Vor 100 Jahren, zu Beginn des Jahres 1923 nahm die seit Kriegsende stetig zunehmende Inflation an Fahrt auf. Anfang 1923 wurde aus der Inflation die Hyperinflation, mit der niemand mehr Schritt halten konnte. Täglich  vervielfachten sich die Preise;  so kostete ein simpler Putzlumpen im Juli 1923 bereits 7000 Mark und für ein Ster Brennholz musste der Lieferant 16 Milliarden Mark verlangen. Menschen, deren Einkommen aus Löhnen oder Gehältern bestand, die ihr Erspartes in Geld angelegt hatten oder die vielen Kriegsinvaliden, die eine Rente bezogen und nicht arbeiten konnten, verloren über Nacht alles. In den Städten, in denen Arbeiter und Taglöhner, Angestellte, Kriegsversehrte und kleine Selbständige ohne eigenen Grund und Boden zur Miete lebten, waren die Auswirkungen auf das tägliche Leben und die zunehmende existenzielle Not der Menschen viel dramatischer und augenfälliger als im ländlichen Raum.  Die ländliche Bevölkerung, zumindest die, die Grund und Boden besaß, oder ein Stück Land bewirtschaften konnte, kam mit den Auswirkungen der Inflation besser zurecht. Manch ein Kredit konnte sogar mit wertlosem Geld getilgt werden, und Nahrungsmittel, Holz und Wohnraum waren plötzlich ein beliebtes Tauschobjekt.  So bot z.B. Kaminkehrermeister Staimer der Gemeinde an, gegen mietfreies Wohnen alle gemeindlichen Kamine zu kehren, was die Gemeinde, allerdings widerruflich, gerne annahm. Das Reinigen des Schulhauses besorgte Frau Wiedemann, die  Ende November 1923 als  Stundenlohn 200 Milliarden Mark verlangte oder aber 1 Liter Milch. Leider ist nicht bekannt, wie die Gemeinde bezahlte, wahrscheinlich aber in wertlosem Bargeld, da auch die Gemeinde die Milch hätte kaufen müssen. Und so kämpfte die Gemeinde mit den täglich steigenden Ausgaben und den Einnahmen, die die Kosten des nächsten Tages nicht decken konnten. Auf dem Höhepunkt der Hyperinflation beschloss die Gemeinde ihre Gemeindebeamten, also den Bürgermeister, den Sekretär und den Gemeindediener in Naturalien zu bezahlen. Im Gemeinderat wurden keine anderen Themen mehr verhandelt als die Erhöhung der Umlagen, die Anpassung der erlaubten Zuschläge auf die sogenannte Friedensmiete und Kreditaufnahmen. Der Ausgaben in der Jahresrechung 1923 beliefen sich auf 380 Billionen 308 Milliarden und ein paar „zerquetschte“ Millionen.

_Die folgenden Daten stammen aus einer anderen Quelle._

lemma moore_pieces_in_dpaths:
  assumes Y: "is_dspace Y"
  shows "n \<ge> 1 \<Longrightarrow> \<forall>i<n. l i > 0 \<Longrightarrow> (\<Sum>i<n. l i) = 1 \<Longrightarrow> \<forall>i<n. \<rho> i \<in> dpaths Y \<Longrightarrow>
    moore_pieces n l \<rho> \<delta> \<Longrightarrow> \<delta> \<in> dpaths Y"
proof (induction n arbitrary: l \<delta>)
  case 0
  then show ?case by simp
next
  case (Suc n)
  define L where "L = (\<Sum>i<n. l i)"
  have last_piece: "\<delta> t = \<rho> n ((t - L) / l n)" if "L \<le> t" "t \<le> L + l n" for t
    using Suc.prems(5) that unfolding moore_pieces_Suc L_def by blast
  show ?case
  proof (cases "n = 0")
    case True
    then show ?thesis
      using Suc.prems(3,4) last_piece dpaths_cong[OF Y] unfolding L_def by simp
  next
    case False
    have "L > 0"
      unfolding L_def using False Suc.prems(2) by (intro sum_pos) auto
    have l_last: "l n = 1 - L"
      using Suc.prems(3) unfolding L_def by simp
    moreover have "l n > 0"
      using Suc.prems(2) by simp
    ultimately have "L < 1"
      by linarith
    have prefix: "(\<lambda>s. \<delta> (L * s)) \<in> dpaths Y"
    proof (rule Suc.IH)
      show "(\<Sum>i<n. l i / L) = 1"
        using \<open>L > 0\<close> unfolding L_def by (simp add: sum_divide_distrib[symmetric])
      show "moore_pieces n (\<lambda>i. l i / L) \<rho> (\<lambda>s. \<delta> (L * s))"
        using Suc.prems(2,5) unfolding moore_pieces_Suc
        by (intro moore_pieces_rescale[OF \<open>L > 0\<close>]) auto
    qed (use False Suc.prems(2,4) \<open>L > 0\<close> in auto)
    show ?thesis
    proof (rule dpaths_concat_at[OF Y prefix _ _ \<open>L > 0\<close> \<open>L < 1\<close>])
      show "\<rho> n \<in> dpaths Y"
        using Suc.prems(4) by simp
      show "\<delta> (L * 1) = \<rho> n 0"
        using last_piece[of L] \<open>l n > 0\<close> by simp
      show "\<delta> t = \<rho> n ((t - L) / (1 - L))" if "L \<le> t" "t \<le> 1" for t
        using last_piece[of t] that by (simp add: l_last)
    qed (use \<open>L > 0\<close> in simp)
  qed
qed
lemma homeomorphic_maps_separate_trace:
  assumes K: "Hausdorff_space K" and Y: "Y \<subseteq> topspace K"
    and hom: "homeomorphic_maps (subtopology K Y) (subtopology K Y) h g"
    and x: "x \<in> topspace K - Y" and p: "p \<in> Y"
  obtains E N where "openin K E" "p \<in> E" "openin K N" "x \<in> N" "E \<inter> g ` (N \<inter> Y) = {}"
proof -
  note hom_facts = homeomorphic_maps_subtopology_selfD[OF Y hom]
  have "h p \<in> Y"
    using p hom_facts(3) by blast
  then have "h p \<in> topspace K" "x \<noteq> h p"
    using Y x by auto
  then obtain N U where N: "openin K N" "x \<in> N" and U: "openin K U" "h p \<in> U" and "disjnt N U"
    using K x unfolding Hausdorff_space_def by (metis Diff_iff)
  obtain E where E: "openin K E" "g ` (U \<inter> Y) = E \<inter> Y"
    using hom_facts(6)[OF openin_subtopology_Int[OF U(1)]] unfolding openin_subtopology by blast
  have "p \<in> E"
    using E(2) U(2) \<open>h p \<in> Y\<close> hom_facts(1) p by (metis IntD1 IntI image_eqI)
  moreover have "E \<inter> g ` (N \<inter> Y) = {}"
  proof -
    have "a = b" if "a \<in> Y" "b \<in> Y" "g a = g b" for a b
      using that hom_facts(2) by metis
    moreover have "g ` (N \<inter> Y) \<subseteq> Y"
      using hom_facts(4) by blast
    ultimately show ?thesis
      using E(2) \<open>disjnt N U\<close> unfolding disjnt_def by blast
  qed
  ultimately show ?thesis
    using that E(1) N by blast
qed

lemma homeomorphic_trace_locally_avoidable:
  assumes K: "Hausdorff_space K" and Y: "Y \<subseteq> topspace K"
    and hom: "homeomorphic_maps (subtopology K Y) (subtopology K Y) h g"
    and \<D>0: "\<forall>D\<in>\<D>0. openin (subtopology K Y) D"
    and sep0: "\<forall>x\<in>W0 - Y. \<forall>y\<in>Y. \<exists>D\<in>\<D>0. y \<in> D \<and> x \<notin> K closure_of D"
    and W1: "openin K W1" "K closure_of W1 \<subseteq> W0"
    and W: "openin K W" "g ` (W \<inter> Y) \<subseteq> W1"
    and x: "x \<in> W - Y" and y: "y \<in> Y" and p: "p \<in> topspace K"
  shows "\<exists>E N F. openin K E \<and> p \<in> E \<and> openin K N \<and> x \<in> N \<and>
           finite F \<and> F \<subseteq> {D\<in>\<D>0. y \<in> D} \<and> E \<inter> \<Inter>F \<inter> g ` (N \<inter> Y) = {}"
proof -
  have x_top: "x \<in> topspace K"
    using x W(1) openin_subset by blast
  consider "p \<in> Y" | "p \<in> W0 - Y" | "p \<notin> K closure_of W1"
    using W1(2) by blast
  then show ?thesis
  proof cases
    case 1
    then obtain E N where "openin K E" "p \<in> E" "openin K N" "x \<in> N" "E \<inter> g ` (N \<inter> Y) = {}"
      using homeomorphic_maps_separate_trace[OF K Y hom] x x_top by (metis Diff_iff)
    then show ?thesis
      by (intro exI[of _ E] exI[of _ N] exI[of _ "{}"]) simp
  next
    case 2
    then obtain D where D: "D \<in> \<D>0" "y \<in> D" "p \<notin> K closure_of D"
      using sep0 y by blast
    have "D \<subseteq> topspace K"
      using \<D>0 D(1) openin_subset Y by fastforce
    then have "(topspace K - K closure_of D) \<inter> D = {}"
      using closure_of_subset by blast
    moreover have "openin K (topspace K - K closure_of D)"
      by (simp add: openin_diff)
    ultimately show ?thesis
      using D p x_top
      by (intro exI[of _ "topspace K - K closure_of D"] exI[of _ "topspace K"] exI[of _ "{D}"]) auto
  next
    case 3
    have "g ` (W \<inter> Y) \<subseteq> K closure_of W1"
      using W(2) closure_of_subset[OF openin_subset[OF W1(1)]] by blast
    moreover have "openin K (topspace K - K closure_of W1)"
      by (simp add: openin_diff)
    ultimately show ?thesis
      using 3 p W(1) x
      by (intro exI[of _ "topspace K - K closure_of W1"] exI[of _ W] exI[of _ "{}"]) auto
  qed
qed

lemma homeomorphic_image_Inter_separates:
  assumes K: "compact_space K" "Hausdorff_space K" and Y: "Y \<subseteq> topspace K"
    and hom: "homeomorphic_maps (subtopology K Y) (subtopology K Y) h g"
    and \<D>0: "\<forall>D\<in>\<D>0. openin (subtopology K Y) D"
    and sep0: "\<forall>x\<in>W0 - Y. \<forall>y\<in>Y. \<exists>D\<in>\<D>0. y \<in> D \<and> x \<notin> K closure_of D"
    and W1: "openin K W1" "K closure_of W1 \<subseteq> W0"
    and W: "openin K W" "g ` (W \<inter> Y) \<subseteq> W1"
    and x: "x \<in> W - Y" and y: "y \<in> Y"
  obtains F where "finite F" "F \<subseteq> \<D>0" "y \<in> h ` (Y \<inter> \<Inter>F)" "x \<notin> K closure_of (h ` (Y \<inter> \<Inter>F))"
proof -
  note hom_facts = homeomorphic_maps_subtopology_selfD[OF Y hom]
  have "g y \<in> Y"
    using hom_facts(4) y by blast
  have "x \<in> topspace K"
    using x W(1) openin_subset by blast
  moreover have "mono (\<lambda>N. g ` (N \<inter> Y))"
    by (auto simp: mono_def)
  moreover have "g ` (N \<inter> Y) \<subseteq> topspace K" for N
    using hom_facts(4) Y by blast
  moreover note homeomorphic_trace_locally_avoidable[OF K(2) Y hom \<D>0 sep0 W1 W x \<open>g y \<in> Y\<close>]
  ultimately obtain N F where N: "openin K N" "x \<in> N" and F: "finite F" "F \<subseteq> {D\<in>\<D>0. g y \<in> D}"
    and avoid: "\<Inter>F \<inter> g ` (N \<inter> Y) = {}"
    by (rule compact_space_avoidance_local_to_global[OF K(1)])
  have "g y \<in> Y \<inter> \<Inter>F"
    using F(2) \<open>g y \<in> Y\<close> by blast
  then have "y \<in> h ` (Y \<inter> \<Inter>F)"
    using hom_facts(2) y by (metis image_eqI)
  moreover have "N \<inter> h ` (Y \<inter> \<Inter>F) = {}"
  proof -
    have "a \<notin> h ` (Y \<inter> \<Inter>F)" if "a \<in> N" for a
    proof
      assume "a \<in> h ` (Y \<inter> \<Inter>F)"
      then obtain e where "e \<in> Y \<inter> \<Inter>F" "a = h e"
        by blast
      then have "a \<in> N \<inter> Y" "g a \<in> \<Inter>F"
        using \<open>a \<in> N\<close> hom_facts(1,3) by auto
      then show False
        using avoid by blast
    qed
    then show ?thesis
      by blast
  qed
  then have "x \<notin> K closure_of (h ` (Y \<inter> \<Inter>F))"
    using openin_Int_closure_of_eq_empty[OF N(1)] N(2) by blast
  moreover have "F \<subseteq> \<D>0"
    using F(2) by blast
  ultimately show ?thesis
    using that F(1) by blast
qed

Als im November 1923 die Rentenmark eingeführt wurde, gab es keinen Vermerk dazu im Gemeinderat, ohne Übergangsfrist wurde die neue Währung angenommen, die Ein- und Ausgaben normalisierten sich über Nacht. Bereits am 28.11. verlangte August Faßrainer, offensichtlich gut informiert, für einen Putzlumpen schon wieder angemessene 80 Pfennig, allerdings mit dem Vermerk „in Goldmark“.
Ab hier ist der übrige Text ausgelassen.